The wish to continue in life and fulfill that purpose is also a matter of projection, expectations, and the weighing of chances. For those of us who make the arts our personal goal and the focus of our extra-biological attentions—that is, aside from the daily routine of eating, sleeping, bathing, dressing, and other self-maintenance activities—the realization that our own talent may not meet expectations, that a future of study and practice won’t improve our odds of success, and that we will end in obscurity can be a crushing blow. “Ego death,” as one of my wargaming friends describes a total, ignominious defeat.

Yes, we are assured that the effort is the goal, that simply doing the work is its own reward, and that fame and fortune come to but a few. If an artist or a writer can be satisfied with his or her own work, no matter what the critics and the buying public think, then these palliatives will satisfy the demands of ego and purpose. But what happens when the creator looks at the work, the total oeuvre, and sees only trash?3 Then he or she has failed not only the expectations of the public, friends, and family, but also of oneself. And then nothing is left. Ego death for real.

Given this potential for critical self-doubt, perhaps it is better to make the personal goal simply one of offering service to others, in the manner of Mother Theresa. We can make personal meaning out of helping wherever there is a need and we can supply a willing pair of hands or a problem-solving intellect. In these cases, the overall quality of the work and the personal responsibility for the outcome are less important than the will and vigor with which the effort is made. The outcome lies in other hands, the responsibility with the fates or the gods.

And, as to ego death, people go through calamities all the time. Into each life comes the loss of a loved one, alienation from family and friends, disappearance of fortune or reputation, devastation by storm or fire with the loss of a home or property into which the person has put so much of his or her time and effort. The things we value turn to ashes and dust. Our hope for the future, of living out our lives in a time bubble where these perishable things remain forever unchanging, is dashed. And yet into the void created by such losses there sometimes seems to creep—at least for those of us who are lucky in attitude, or have learned from early training, or persist by some cellular vitality—the restless turning to other loves, other goals, other vessels for our sense of self, security, attachment to life, and hope for the future.

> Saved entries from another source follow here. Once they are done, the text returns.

section \<open>Curvature of a perturbed connection\<close>

lemma curv_add:
  fixes \<Gamma> S :: "real^'n::finite \<Rightarrow> 'n \<Rightarrow> 'n \<Rightarrow> 'n \<Rightarrow> real"
  assumes "\<And>a b c. (\<lambda>y. \<Gamma> y a b c) differentiable (at x)"
    and "\<And>a b c. (\<lambda>y. S y a b c) differentiable (at x)"
  shows "curv (\<lambda>y a b c. \<Gamma> y a b c + S y a b c) x l i j k = curv \<Gamma> x l i j k
      + partial i (\<lambda>y. S y l j k) x - partial j (\<lambda>y. S y l i k) x
      + (\<Sum>m\<in>UNIV. \<Gamma> x m j k * S x l i m + S x m j k * \<Gamma> x l i m + S x m j k * S x l i m)
      - (\<Sum>m\<in>UNIV. \<Gamma> x m i k * S x l j m + S x m i k * \<Gamma> x l j m + S x m i k * S x l j m)"
  unfolding curv_def partial_add[OF assms]
  by (simp add: algebra_simps sum.distrib sum_subtractf)

lemma ricci_of_curv_add:
  fixes \<Gamma> S :: "real^'n::finite \<Rightarrow> 'n \<Rightarrow> 'n \<Rightarrow> 'n \<Rightarrow> real"
  assumes "\<And>a b c. (\<lambda>y. \<Gamma> y a b c) differentiable (at x)"
    and "\<And>a b c. (\<lambda>y. S y a b c) differentiable (at x)"
  shows "ricci_of (curv (\<lambda>y a b c. \<Gamma> y a b c + S y a b c)) x j k = ricci_of (curv \<Gamma>) x j k
      + (\<Sum>i\<in>UNIV. partial i (\<lambda>y. S y i j k) x) - (\<Sum>i\<in>UNIV. partial j (\<lambda>y. S y i i k) x)
      + (\<Sum>i\<in>UNIV. \<Sum>m\<in>UNIV. \<Gamma> x m j k * S x i i m)
      + (\<Sum>i\<in>UNIV. \<Sum>m\<in>UNIV. S x m j k * \<Gamma> x i i m)
      + (\<Sum>i\<in>UNIV. \<Sum>m\<in>UNIV. S x m j k * S x i i m)
      - (\<Sum>i\<in>UNIV. \<Sum>m\<in>UNIV. \<Gamma> x m i k * S x i j m)
      - (\<Sum>i\<in>UNIV. \<Sum>m\<in>UNIV. S x m i k * \<Gamma> x i j m)
      - (\<Sum>i\<in>UNIV. \<Sum>m\<in>UNIV. S x m i k * S x i j m)"
  unfolding ricci_of_def curv_add[OF assms] by (simp add: sum.distrib sum_subtractf)

section \<open>A pseudo-Riemannian chart\<close>

definition ssm_difference ::
    "(real^'n::finite \<Rightarrow> 'n \<Rightarrow> 'n \<Rightarrow> real) \<Rightarrow> (real^'n \<Rightarrow> 'n \<Rightarrow> real) \<Rightarrow> real^'n \<Rightarrow> 'n \<Rightarrow> 'n \<Rightarrow> 'n \<Rightarrow> real"
  where "ssm_difference g P x k i j = pi_form g P x j * (if i = k then 1 else 0) - g x i j * P x k"

lemma ssm_conn_eq: "ssm_conn g P = (\<lambda>y a b c. christoffel g y a b c + ssm_difference g P y a b c)"
  by (simp add: fun_eq_iff ssm_conn_def ssm_difference_def)

lemma TT_eq:
  "TT g P x l i j k = pi_form g P x j * pi_form g P x k * (if i = l then 1 else 0)
    - pi_form g P x i * pi_form g P x k * (if j = l then 1 else 0)"
  unfolding TT_def torsion_def
  by (simp add: algebra_simps sum_subtractf sum.distrib kronecker_simps)

locale pseudo_riemannian_chart =
  fixes U :: "(real^'n::finite) set"
    and g :: "real^'n \<Rightarrow> 'n \<Rightarrow> 'n \<Rightarrow> real"
    and P :: "real^'n \<Rightarrow> 'n \<Rightarrow> real"
  assumes pseudo_riem: "pseudo_riem U g"
    and smooth_field: "\<forall>i. smooth_fun U (\<lambda>x. P x i)"
begin

lemma open_domain: "open U"
  using pseudo_riem pseudo_riem_def by blast

lemma metric_sym: "x \<in> U \<Longrightarrow> g x i j = g x j i"
  using pseudo_riem pseudo_riem_def by blast

lemma smooth_metric: "smooth_fun U (\<lambda>x. g x i j)"
  using pseudo_riem pseudo_riem_def by blast

lemma invertible_metric: "x \<in> U \<Longrightarrow> invertible (\<chi> i j. g x i j)"
  using pseudo_riem pseudo_riem_def by blast

lemma ginv_metric: "x \<in> U \<Longrightarrow> (\<Sum>l\<in>UNIV. ginv g x k l * g x l j) = (if k = j then 1 else 0)"
  using matrix_inv_inverse(2)[OF invertible_metric, of x]
  by (auto simp: matrix_matrix_mult_def mat_def ginv_def vec_eq_iff)

lemma metric_ginv: "x \<in> U \<Longrightarrow> (\<Sum>l\<in>UNIV. g x k l * ginv g x l j) = (if k = j then 1 else 0)"
  using matrix_inv_inverse(1)[OF invertible_metric, of x]
  by (auto simp: matrix_matrix_mult_def mat_def ginv_def vec_eq_iff)

lemma metric_differentiable: "x \<in> U \<Longrightarrow> (\<lambda>y. g y i j) differentiable (at x)"
  using smooth_fun_differentiable[OF smooth_metric open_domain] .

lemma partial_metric_differentiable:
  "x \<in> U \<Longrightarrow> partial k (\<lambda>y. g y i j) differentiable (at x)"
  using smooth_fun_differentiable[OF smooth_fun_partial[OF smooth_metric] open_domain] .

lemma field_differentiable: "x \<in> U \<Longrightarrow> (\<lambda>y. P y i) differentiable (at x)"
  using smooth_fun_differentiable[OF smooth_field[rule_format] open_domain] .

lemma ginv_differentiable: "x \<in> U \<Longrightarrow> (\<lambda>y. ginv g y i j) differentiable (at x)"
proof -
  assume x: "x \<in> U"
  let ?f = "\<lambda>y. det (\<chi> a b. if b = i then (if a = j then 1 else 0) else g y a b)
              / det (\<chi> a b. g y a b)"
  have f_differentiable: "?f differentiable (at x)"
  proof (rule differentiable_divide)
    show "(\<lambda>y. det (\<chi> a b. if b = i then (if a = j then 1 else 0) else g y a b)) differentiable (at x)"
      by (rule differentiable_det, case_tac "b = i") (simp_all add: metric_differentiable[OF x])
    show "(\<lambda>y. det (\<chi> a b. g y a b)) differentiable (at x)"
      by (rule differentiable_det) (rule metric_differentiable[OF x])
    show "det (\<chi> a b. g x a b) \<noteq> 0"
      using invertible_metric[OF x] invertible_det_nz by blast
  qed
  have f_eq: "?f y = ginv g y i j" if "y \<in> U" for y
  proof -
    have entry: "(\<chi> a b. g y a b) $ a $ b = g y a b" for a b by simp
    show ?thesis by (simp only: ginv_def matrix_inv_cramer[OF invertible_metric[OF that]] entry)
  qed
  show ?thesis by (rule differentiable_cong_open[OF open_domain x f_eq f_differentiable])
qed

lemma pi_form_differentiable: "x \<in> U \<Longrightarrow> (\<lambda>y. pi_form g P y j) differentiable (at x)"
  unfolding pi_form_def
  by (auto intro!: differentiable_sum differentiable_mult metric_differentiable field_differentiable)

lemma christoffel_differentiable:
  "x \<in> U \<Longrightarrow> (\<lambda>y. christoffel g y k i j) differentiable (at x)"
  unfolding christoffel_def
  by (intro differentiable_mult[OF differentiable_const] differentiable_sum ballI finite
        differentiable_mult differentiable_diff differentiable_add ginv_differentiable
        partial_metric_differentiable)

lemma ssm_difference_differentiable:
  "x \<in> U \<Longrightarrow> (\<lambda>y. ssm_difference g P y k i j) differentiable (at x)"
  unfolding ssm_difference_def
  by (intro differentiable_diff differentiable_mult differentiable_const pi_form_differentiable
        metric_differentiable field_differentiable)

lemma partial_metric_sym: "x \<in> U \<Longrightarrow> partial i (\<lambda>y. g y j k) x = partial i (\<lambda>y. g y k j) x"
  by (rule partial_cong_open[OF open_domain]) (auto simp: metric_sym)

lemma christoffel_sym: "x \<in> U \<Longrightarrow> christoffel g x k i j = christoffel g x k j i"
  unfolding christoffel_def by (simp add: partial_metric_sym[of x _ i j] add.commute)

lemma christoffel_lowered:
  assumes x: "x \<in> U"
  shows "(\<Sum>a\<in>UNIV. christoffel g x a i j * g x a k) =
    (1/2) * (partial i (\<lambda>y. g y j k) x + partial j (\<lambda>y. g y i k) x - partial k (\<lambda>y. g y i j) x)"
proof -
  let ?B = "\<lambda>l. partial i (\<lambda>y. g y j l) x + partial j (\<lambda>y. g y i l) x - partial l (\<lambda>y. g y i j) x"
  have "(\<Sum>a\<in>UNIV. christoffel g x a i j * g x a k)
      = (\<Sum>a\<in>UNIV. \<Sum>l\<in>UNIV. (1/2) * (ginv g x a l * ?B l * g x a k))"
    by (simp only: christoffel_def sum_distrib_left sum_distrib_right mult.assoc)
  also have "\<dots> = (\<Sum>l\<in>UNIV. \<Sum>a\<in>UNIV. (1/2) * (ginv g x a l * ?B l * g x a k))"
    by (rule sum.swap)
  also have "\<dots> = (\<Sum>l\<in>UNIV. (1/2) * ?B l * (\<Sum>a\<in>UNIV. g x k a * ginv g x a l))"
    by (simp add: sum_distrib_left sum_distrib_right sum_divide_distrib metric_sym[OF x, of _ k] ac_simps)
  also have "\<dots> = (1/2) * ?B k"
    by (simp only: metric_ginv[OF x] sum_mult_delta)
  finally show ?thesis .
qed

lemma metric_compatibility:
  assumes x: "x \<in> U"
  shows "partial i (\<lambda>y. g y j k) x =
    (\<Sum>a\<in>UNIV. christoffel g x a i j * g x a k) + (\<Sum>a\<in>UNIV. christoffel g x a i k * g x j a)"
proof -
  have "(\<Sum>a\<in>UNIV. christoffel g x a i k * g x j a) = (\<Sum>a\<in>UNIV. christoffel g x a i k * g x a j)"
    by (simp only: metric_sym[OF x, of j])
  then have "(\<Sum>a\<in>UNIV. christoffel g x a i j * g x a k) + (\<Sum>a\<in>UNIV. christoffel g x a i k * g x j a)
      = (1/2) * (partial i (\<lambda>y. g y j k) x + partial j (\<lambda>y. g y i k) x - partial k (\<lambda>y. g y i j) x)
      + (1/2) * (partial i (\<lambda>y. g y k j) x + partial k (\<lambda>y. g y i j) x - partial j (\<lambda>y. g y i k) x)"
    by (simp only: christoffel_lowered[OF x])
  then show ?thesis by (simp add: partial_metric_sym[OF x, of i k j] algebra_simps)
qed

lemma partial_pi_form:
  assumes x: "x \<in> U"
  shows "partial i (\<lambda>y. pi_form g P y j) x =
    (\<Sum>m\<in>UNIV. partial i (\<lambda>y. g y j m) x * P x m + g x j m * partial i (\<lambda>y. P y m) x)"
  unfolding pi_form_def
  by (simp add: partial_sum differentiable_mult metric_differentiable[OF x] field_differentiable[OF x]
      partial_mult)

lemma ginv_pi_form: "x \<in> U \<Longrightarrow> (\<Sum>j\<in>UNIV. ginv g x l j * pi_form g P x j) = P x l"
  unfolding pi_form_def by (simp only: sum_contract ginv_metric sum_delta_mult)

lemma ginv_contract_metric: "x \<in> U \<Longrightarrow> (\<Sum>j\<in>UNIV. ginv g x l j * g x i j) = (if l = i then 1 else 0)"
  using ginv_metric[of x l i] metric_sym[of x i] by simp

lemma trace_metric: "x \<in> U \<Longrightarrow> (\<Sum>j\<in>UNIV. \<Sum>k\<in>UNIV. ginv g x j k * g x j k) = real CARD('n)"
  by (simp add: ginv_contract_metric)

lemma trace_pi_pi:
  assumes x: "x \<in> U"
  shows "(\<Sum>j\<in>UNIV. \<Sum>k\<in>UNIV. ginv g x j k * (pi_form g P x j * pi_form g P x k))
    = (\<Sum>i\<in>UNIV. pi_form g P x i * P x i)"
proof -
  have "(\<Sum>k\<in>UNIV. ginv g x j k * (pi_form g P x j * pi_form g P x k))
      = pi_form g P x j * (\<Sum>k\<in>UNIV. ginv g x j k * pi_form g P x k)" for j
    by (simp add: sum_distrib_left ac_simps)
  then show ?thesis by (simp add: ginv_pi_form[OF x])
qed

lemma trace_ssm_difference:
  assumes x: "x \<in> U"
  shows "(\<Sum>i\<in>UNIV. ssm_difference g P x i i m) = (real CARD('n) - 1) * pi_form g P x m"
proof -
  have "(\<Sum>i\<in>UNIV. g x i m * P x i) = pi_form g P x m"
    unfolding pi_form_def by (simp add: metric_sym[OF x, of _ m])
  then show ?thesis unfolding ssm_difference_def by (simp add: sum_subtractf algebra_simps)
qed

lemma partial_ssm_difference:
  assumes x: "x \<in> U"
  shows "partial i (\<lambda>y. ssm_difference g P y l j k) x =
    partial i (\<lambda>y. pi_form g P y k) x * (if j = l then 1 else 0)
    - (partial i (\<lambda>y. g y j k) x * P x l + g x j k * partial i (\<lambda>y. P y l) x)"
  unfolding ssm_difference_def
  by (simp add: partial_diff partial_mult partial_const differentiable_mult
      pi_form_differentiable[OF x] metric_differentiable[OF x] field_differentiable[OF x])

lemma contract_christoffel_trace_ssm:
  assumes x: "x \<in> U"
  shows "(\<Sum>i\<in>UNIV. \<Sum>m\<in>UNIV. christoffel g x m j k * ssm_difference g P x i i m) =
    (real CARD('n) - 1) * (\<Sum>a\<in>UNIV. christoffel g x a j k * pi_form g P x a)"
proof -
  have "(\<Sum>i\<in>UNIV. \<Sum>m\<in>UNIV. christoffel g x m j k * ssm_difference g P x i i m) =
      (\<Sum>m\<in>UNIV. christoffel g x m j k * (\<Sum>i\<in>UNIV. ssm_difference g P x i i m))"
    by (subst sum.swap) (simp only: sum_distrib_left)
  then show ?thesis by (simp add: trace_ssm_difference[OF x] sum_distrib_left ac_simps)
qed

lemma contract_ssm_trace_christoffel:
  "(\<Sum>i\<in>UNIV. \<Sum>m\<in>UNIV. ssm_difference g P x m j k * christoffel g x i i m) =
    pi_form g P x k * (\<Sum>i\<in>UNIV. christoffel g x i i j)
    - g x j k * (\<Sum>i\<in>UNIV. \<Sum>m\<in>UNIV. christoffel g x i i m * P x m)"
  unfolding ssm_difference_def
  by (simp add: algebra_simps sum_subtractf sum.distrib kronecker_simps sum_distrib_left)

lemma contract_ssm_trace_ssm:
  assumes x: "x \<in> U"
  shows "(\<Sum>i\<in>UNIV. \<Sum>m\<in>UNIV. ssm_difference g P x m j k * ssm_difference g P x i i m) =
    (real CARD('n) - 1) * (pi_form g P x j * pi_form g P x k
      - g x j k * (\<Sum>m\<in>UNIV. pi_form g P x m * P x m))"
proof -
  have "(\<Sum>i\<in>UNIV. \<Sum>m\<in>UNIV. ssm_difference g P x m j k * ssm_difference g P x i i m) =
      (\<Sum>m\<in>UNIV. ssm_difference g P x m j k * ((real CARD('n) - 1) * pi_form g P x m))"
    by (subst sum.swap) (simp only: sum_distrib_left[symmetric] trace_ssm_difference[OF x])
  then show ?thesis
    unfolding ssm_difference_def
    by (simp add: algebra_simps sum_subtractf sum.distrib kronecker_simps sum_distrib_left)
qed

lemma contract_christoffel_ssm:
  "(\<Sum>i\<in>UNIV. \<Sum>m\<in>UNIV. christoffel g x m i k * ssm_difference g P x i j m) =
    (\<Sum>a\<in>UNIV. christoffel g x a j k * pi_form g P x a)
    - (\<Sum>i\<in>UNIV. \<Sum>a\<in>UNIV. christoffel g x a i k * g x j a * P x i)"
  unfolding ssm_difference_def
  by (simp add: algebra_simps sum_subtractf sum.distrib kronecker_simps sum_distrib_left)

The lucky people can bend with misfortune, shift gears, find new roads, and move forward. In fact, they may never look far enough down the road on which they are traveling to ask what happens when it ends. They know that all roads eventually end, but that most roads also branch out, that goals are malleable, and that people—every person, regardless of past history—are capable of remaking themselves into something new. There is always something new that a human being can try. All it takes is bravery and patience.

Life is persistence. And it can be a long time until the candle finally burns out. That is also something every adult knows.4

1. From Charles Dickens’s A Tale of Two Cities.

2. Genesis 1:28 in the King James Version.

3. Public radio personality Ira Glass has an especially apt thought in this regard, animated by the following quote.

4. After reading all this, Odin asked, “Does he have any idea what’s coming?” And the Three Norns replied in unison, “Nope.”